One figure is the expected answer: how many lines in the listing contain "then".

### Records for processing
╔══

lemma card_mult_le_sum:
  fixes K :: "'a \<Rightarrow> real"
  assumes "finite V" and "Z \<subseteq> V" and "\<And>v. v \<in> V \<Longrightarrow> K v \<ge> 0"
    and "\<And>v. v \<in> Z \<Longrightarrow> K v = c"
  shows "real (card Z) * c \<le> (\<Sum>v\<in>V. K v)"
proof -
  have "real (card Z) * c = (\<Sum>v\<in>Z. K v)" using assms(4) by simp
  also have "\<dots> \<le> (\<Sum>v\<in>V. K v)" using assms(1-3) by (intro sum_mono2) auto
  finally show ?thesis .
qed

theorem lemma15p1:
  fixes V :: "'v set" and E :: "'v \<Rightarrow> 'v \<Rightarrow> bool" and rot :: "'v \<Rightarrow> 'v \<Rightarrow> 'v"
  assumes "planar_PCC V E rot"
  shows "card {v \<in> V. face_vector E rot v = {#5, 6, 7#}
                     \<or> face_vector E rot v = {#3, 3, 5, 7#}} \<le> 210"
proof -
  define Z where "Z = {v \<in> V. face_vector E rot v = {#5, 6, 7#}
                             \<or> face_vector E rot v = {#3, 3, 5, 7#}}"
  have map: "spherical_map V E rot" and positive: "\<And>v. v \<in> V \<Longrightarrow> curvature E rot v > 0"
    using assms unfolding planar_PCC_def by blast+
  have graph: "simple_graph V E" using map unfolding spherical_map_def by blast
  then have "finite V" unfolding simple_graph_def by blast
  have "curvature E rot v = 1 / 105" if "v \<in> Z" for v
  proof -
    have "vertex_curvature (face_vector E rot v) = 1 / 105"
      using that unfolding Z_def by (auto simp: vertex_curvature_def)
    then show ?thesis
      using curvature_eq_vertex_curvature[OF simple_graph_finite_nbrs[OF graph]] by simp
  qed
  then have "real (card Z) * (1 / 105) \<le> (\<Sum>v\<in>V. curvature E rot v)"
    using \<open>finite V\<close> positive less_imp_le unfolding Z_def
    by (intro card_mult_le_sum) auto
  also have "\<dots> = 2" using total_curvature_spherical_map[OF map] .
  finally show ?thesis unfolding Z_def by simp
qed

end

╚══

### Answer area
3